On Mon, Aug 13, 2012 at 11:38 AM, Francesco Pietra
<chiendarret_at_gmail.com> wrote:
> List added, sorry for previous mail

please make it a habit. it is very annoying
to have to remind people all the time.

>> Axel: I don't understand what you mean. I am not dealing with MD,
>> rather with ab initio, and DFT, calculations. Just drawn a system - as
>> above - collected the Cartesian coordinates, and subjected to the ab
>> initio, or DFT, code. Correctly when the charge is set to +1. I
>> thought that VMD, with the above script, reports the charge correctly.
>> I must be misusing VMD, or I am completely out the way.
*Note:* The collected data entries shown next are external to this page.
(* $S\mathbb{H}$ is diffeomorphic to $S^3\times S^3\times\mathbb{R}$. In particular, $S\mathbb{H}$ is orientable.
   Context: For $q=a+bi+cj+dk\in\mathbb{H}$, $\bar q=a-bi-cj-dk$. $\mathcal{V}=\mathrm{span}_\mathbb{R}\{1,i,j\}$. $S\mathbb{H}=\{(\xi,\eta)\in\mathbb{H}^2\setminus\{(0,0)\}:\xi\bar\eta\in\mathcal{V}\}$, a subset of $\mathbb{H}^2\cong\mathbb{R}^8$. *)

theory Defs
  imports "HOL-Analysis.Analysis"
begin

text \<open>Quaternions a + bi + cj + dk are modelled as vectors in real^4 with
  components (q$1, q$2, q$3, q$4) = (a, b, c, d).\<close>

definition qmult :: "real^4 \<Rightarrow> real^4 \<Rightarrow> real^4" where
  "qmult p q = vector [
     p$1*q$1 - p$2*q$2 - p$3*q$3 - p$4*q$4,
     p$1*q$2 + p$2*q$1 + p$3*q$4 - p$4*q$3,
     p$1*q$3 - p$2*q$4 + p$3*q$1 + p$4*q$2,
     p$1*q$4 + p$2*q$3 - p$3*q$2 + p$4*q$1]"

definition qconj :: "real^4 \<Rightarrow> real^4" where
  "qconj q = vector [q$1, - q$2, - q$3, - q$4]"

definition qV :: "(real^4) set" where
  "qV = span {vector [1,0,0,0], vector [0,1,0,0], vector [0,0,1,0]}"

definition SH :: "((real^4) \<times> (real^4)) set" where
  "SH = {(\<xi>, \<eta>). (\<xi>, \<eta>) \<noteq> (0, 0) \<and> qmult \<xi> (qconj \<eta>) \<in> qV}"

fun Cn_on :: "nat \<Rightarrow> 'a::euclidean_space set \<Rightarrow> ('a \<Rightarrow> 'b::real_normed_vector) \<Rightarrow> bool" where
  "Cn_on 0 U f = continuous_on U f"
| "Cn_on (Suc n) U f = (\<exists>f'. (\<forall>x\<in>U. (f has_derivative f' x) (at x)) \<and>
                              (\<forall>v. Cn_on n U (\<lambda>x. f' x v)))"

definition smooth_on_open :: "'a::euclidean_space set \<Rightarrow> ('a \<Rightarrow> 'b::real_normed_vector) \<Rightarrow> bool" where
  "smooth_on_open U f \<longleftrightarrow> open U \<and> (\<forall>n. Cn_on n U f)"

definition smooth_map_on :: "'a::euclidean_space set \<Rightarrow> ('a \<Rightarrow> 'b::euclidean_space) \<Rightarrow> bool" where
  "smooth_map_on S f \<longleftrightarrow> (\<forall>x\<in>S. \<exists>U F. x \<in> U \<and> smooth_on_open U F \<and> (\<forall>y\<in>S \<inter> U. F y = f y))"

definition diffeomorphic :: "'a::euclidean_space set \<Rightarrow> 'b::euclidean_space set \<Rightarrow> bool" where
  "diffeomorphic S T \<longleftrightarrow> (\<exists>f g. f ` S \<subseteq> T \<and> g ` T \<subseteq> S \<and>
     (\<forall>x\<in>S. g (f x) = x) \<and> (\<forall>y\<in>T. f (g y) = y) \<and>
     smooth_map_on S f \<and> smooth_map_on T g)"

end

theory Submission
  imports Defs
begin

text \<open>The condition \<open>\<xi> \<eta>\<^sup>* \<in> V\<close> says that the k-component of \<open>\<xi> \<eta>\<^sup>*\<close>, a quadratic form
  of signature (4,4) on \<open>\<real>\<^sup>8\<close>, vanishes. A linear change of coordinates \<open>(\<xi>, \<eta>) \<mapsto> (u, v)\<close>
  turns this form into \<open>(|u|\<^sup>2 - |v|\<^sup>2)/4\<close>, so \<open>S\<bbbH>\<close> is linearly isomorphic to the null cone
  \<open>|u| = |v|\<close> with its vertex removed. Polar coordinates
  \<open>(u, v) \<mapsto> ((u/|u|, v/|v|), ln |u|)\<close> identify that punctured cone with \<open>S\<^sup>3 \<times> S\<^sup>3 \<times> \<real>\<close>.\<close>

subsection \<open>Calculus of \<open>C\<^sup>n\<close> maps\<close>

lemma Cn_on_SucI:
  assumes "\<And>x. x \<in> U \<Longrightarrow> (f has_derivative f' x) (at x)" "\<And>v. Cn_on n U (\<lambda>x. f' x v)"
  shows "Cn_on (Suc n) U f"
  using assms by auto

lemma Cn_on_SucD: "Cn_on (Suc n) U f \<Longrightarrow> Cn_on n U f"
proof (induction n arbitrary: f)
  case 0
  then obtain f' where "\<forall>x\<in>U. (f has_derivative f' x) (at x)" by auto
  then show ?case
    by (auto intro!: continuous_at_imp_continuous_on has_derivative_continuous)
next
  case (Suc n)
  then obtain f' where "\<forall>x\<in>U. (f has_derivative f' x) (at x)" "\<forall>v. Cn_on (Suc n) U (\<lambda>x. f' x v)"
    by auto
  then show ?case using Suc.IH by (auto intro: Cn_on_SucI)
qed

lemma Cn_on_const: "Cn_on n U (\<lambda>x. c)"
proof (induction n arbitrary: c)
  case (Suc n)
  show ?case by (rule Cn_on_SucI[where f' = "\<lambda>x v. 0"]) (auto intro: Suc)
qed simp

lemma Cn_on_subset: "Cn_on n U f \<Longrightarrow> W \<subseteq> U \<Longrightarrow> Cn_on n W f"
proof (induction n arbitrary: f)
  case 0
  then show ?case by (auto intro: continuous_on_subset)
next
  case (Suc n)
  then obtain f' where "\<forall>x\<in>U. (f has_derivative f' x) (at x)" "\<forall>v. Cn_on n U (\<lambda>x. f' x v)"
    by auto
  then show ?case
    by (intro Cn_on_SucI[where f' = f']) (use Suc.IH Suc.prems(2) in auto)
qed

lemma Cn_on_cong:
  assumes "open U" "\<And>x. x \<in> U \<Longrightarrow> f x = g x" "Cn_on n U f"
  shows "Cn_on n U g"
proof (cases n)
  case 0
  then show ?thesis using assms continuous_on_cong by fastforce
next
  case (Suc m)
  then obtain f' where f': "\<forall>x\<in>U. (f has_derivative f' x) (at x)" "\<forall>v. Cn_on m U (\<lambda>x. f' x v)"
    using assms(3) by auto
  have "(g has_derivative f' x) (at x)" if "x \<in> U" for x
    using that f'(1) assms(1,2) by (metis has_derivative_transform_within_open)
  then show ?thesis using Suc f'(2) by (auto intro: Cn_on_SucI)
qed

lemma Cn_on_add: "Cn_on n U f \<Longrightarrow> Cn_on n U g \<Longrightarrow> Cn_on n U (\<lambda>x. f x + g x)"
proof (induction n arbitrary: f g)
  case 0
  then show ?case by (auto intro: continuous_on_add)
next
  case (Suc n)
  obtain f' where f': "\<forall>x\<in>U. (f has_derivative f' x) (at x)" "\<forall>v. Cn_on n U (\<lambda>x. f' x v)"
    using Suc.prems by auto
  obtain g' where g': "\<forall>x\<in>U. (g has_derivative g' x) (at x)" "\<forall>v. Cn_on n U (\<lambda>x. g' x v)"
    using Suc.prems by auto
  show ?case
    by (intro Cn_on_SucI[where f' = "\<lambda>x v. f' x v + g' x v"])
      (use f' g' Suc.IH in \<open>auto intro: has_derivative_add\<close>)
qed

lemma Cn_on_sum:
  "finite I \<Longrightarrow> (\<And>i. i \<in> I \<Longrightarrow> Cn_on n U (f i)) \<Longrightarrow> Cn_on n U (\<lambda>x. \<Sum>i\<in>I. f i x)"
  by (induction I rule: finite_induct) (auto intro: Cn_on_add Cn_on_const)

lemma Cn_on_bilinear:
  assumes "bounded_bilinear p"
  shows "Cn_on n U a \<Longrightarrow> Cn_on n U b \<Longrightarrow> Cn_on n U (\<lambda>x. p (a x) (b x))"
proof (induction n arbitrary: a b)
  case 0
  then show ?case using bounded_bilinear.continuous_on[OF assms] by auto
next
  case (Suc n)
  obtain a' where a': "\<forall>x\<in>U. (a has_derivative a' x) (at x)" "\<forall>v. Cn_on n U (\<lambda>x. a' x v)"
    using Suc.prems by auto
  obtain b' where b': "\<forall>x\<in>U. (b has_derivative b' x) (at x)" "\<forall>v. Cn_on n U (\<lambda>x. b' x v)"
    using Suc.prems by auto
  have "Cn_on n U a" "Cn_on n U b"
    using Suc.prems Cn_on_SucD by blast+
  show ?case
  proof (rule Cn_on_SucI)
    show "((\<lambda>x. p (a x) (b x)) has_derivative (\<lambda>v. p (a x) (b' x v) + p (a' x v) (b x))) (at x)"
      if "x \<in> U" for x
      using that a'(1) b'(1) bounded_bilinear.FDERIV[OF assms] by blast
    show "Cn_on n U (\<lambda>x. p (a x) (b' x v) + p (a' x v) (b x))" for v
      using \<open>Cn_on n U a\<close> \<open>Cn_on n U b\<close> a'(2) b'(2) by (intro Cn_on_add Suc.IH) auto
  qed
qed

lemma Cn_on_linear: "bounded_linear f \<Longrightarrow> Cn_on n U f"
  by (cases n)
    (auto intro!: linear_continuous_on Cn_on_SucI[where f' = "\<lambda>x. f"] Cn_on_const
      bounded_linear_imp_has_derivative)

lemma Cn_on_Pair: "Cn_on n U f \<Longrightarrow> Cn_on n U g \<Longrightarrow> Cn_on n U (\<lambda>x. (f x, g x))"
proof (induction n arbitrary: f g)
  case 0
  then show ?case by (auto intro: continuous_on_Pair)
next
  case (Suc n)
  obtain f' where f': "\<forall>x\<in>U. (f has_derivative f' x) (at x)" "\<forall>v. Cn_on n U (\<lambda>x. f' x v)"
    using Suc.prems by auto
  obtain g' where g': "\<forall>x\<in>U. (g has_derivative g' x) (at x)" "\<forall>v. Cn_on n U (\<lambda>x. g' x v)"
    using Suc.prems by auto
  show ?case
    by (intro Cn_on_SucI[where f' = "\<lambda>x v. (f' x v, g' x v)"])
      (use f' g' Suc.IH in \<open>auto intro: has_derivative_Pair\<close>)
qed

text \<open>The directional derivative \<open>x \<mapsto> g'(f x)(f' x v)\<close> of a composite is expanded in a
  basis, \<open>\<Sum>\<^sub>i (f' x v \<bullet> i) g'(f x) i\<close>, so that the induction hypothesis applies to each
  \<open>x \<mapsto> g'(f x) i\<close>.\<close>
lemma Cn_on_compose:
  fixes f :: "'a::euclidean_space \<Rightarrow> 'b::euclidean_space" and g :: "'b \<Rightarrow> 'c::real_normed_vector"
  assumes "open U" "open V"
  shows "f ` U \<subseteq> V \<Longrightarrow> Cn_on n U f \<Longrightarrow> Cn_on n V g \<Longrightarrow> Cn_on n U (\<lambda>x. g (f x))"
proof (induction n arbitrary: f g)
  case 0
  then show ?case using continuous_on_compose2[of V g U f] by simp
next
  case (Suc n)
  obtain f' where f': "\<forall>x\<in>U. (f has_derivative f' x) (at x)" "\<forall>v. Cn_on n U (\<lambda>x. f' x v)"
    using Suc.prems by auto
  obtain g' where g': "\<forall>y\<in>V. (g has_derivative g' y) (at y)" "\<forall>v. Cn_on n V (\<lambda>y. g' y v)"
    using Suc.prems by auto
  have "Cn_on n U f" using Suc.prems(2) by (rule Cn_on_SucD)
  then have "Cn_on n U (\<lambda>x. g' (f x) i)" for i
    using Suc.IH[OF Suc.prems(1)] g'(2) by blast
  show ?case
  proof (rule Cn_on_SucI)
    show "((\<lambda>x. g (f x)) has_derivative (\<lambda>v. g' (f x) (f' x v))) (at x)" if "x \<in> U" for x
    proof -
      have "f x \<in> V" using that Suc.prems(1) by blast
      then have "((g \<circ> f) has_derivative (g' (f x) \<circ> f' x)) (at x)"
        using that f'(1) g'(1) by (intro diff_chain_at) auto
      then show ?thesis by (simp add: o_def)
    qed
    show "Cn_on n U (\<lambda>x. g' (f x) (f' x v))" for v
    proof (rule Cn_on_cong[OF assms(1)])
      show "(\<Sum>i\<in>Basis. (f' x v \<bullet> i) *\<^sub>R g' (f x) i) = g' (f x) (f' x v)" if "x \<in> U" for x
      proof -
        have "linear (g' (f x))"
          using that Suc.prems(1) g'(1) has_derivative_linear by blast
        then have "g' (f x) (\<Sum>i\<in>Basis. (f' x v \<bullet> i) *\<^sub>R i) =
                   (\<Sum>i\<in>Basis. (f' x v \<bullet> i) *\<^sub>R g' (f x) i)"
          by (simp add: linear_sum linear_scale)
        then show ?thesis
          by (simp add: euclidean_representation)
      qed
      show "Cn_on n U (\<lambda>x. \<Sum>i\<in>Basis. (f' x v \<bullet> i) *\<^sub>R g' (f x) i)"
        using f'(2) \<open>\<And>i. Cn_on n U (\<lambda>x. g' (f x) i)\<close>
        by (intro Cn_on_sum Cn_on_bilinear[OF bounded_bilinear_scaleR]
            Cn_on_bilinear[OF bounded_bilinear_inner] Cn_on_const) auto
    qed
  qed
qed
so if you are not feeding VMD any information, where should it come from?
you don't say in what format you read in data before you run your script.

VMD is a *visualization* and *analysis* tool. it has absolutely no knowledge
of chemistry, only a little bit of protein oriented heuristics here and there.

in other words. the total charge will *always* be zero unless you set the
individual charges of the atoms some something, eg. through loading a
suitably generated file, which contains the respective charge information.

that is what i meant with GI-GO,
    axel.

>>
>> thanks
>> francesco
>>
>>
>>>
>>> GI-GO
>>>
>>> axel
>>>
>>>
>>>>
>>>> francesco pietra
>>>
>>>
>>>
>>> --
>>> Dr. Axel Kohlmeyer akohlmey_at_gmail.com http://goo.gl/1wk0
>>> International Centre for Theoretical Physics, Trieste. Italy.

-- 
Dr. Axel Kohlmeyer  akohlmey_at_gmail.com  http://goo.gl/1wk0
International Centre for Theoretical Physics, Trieste. Italy.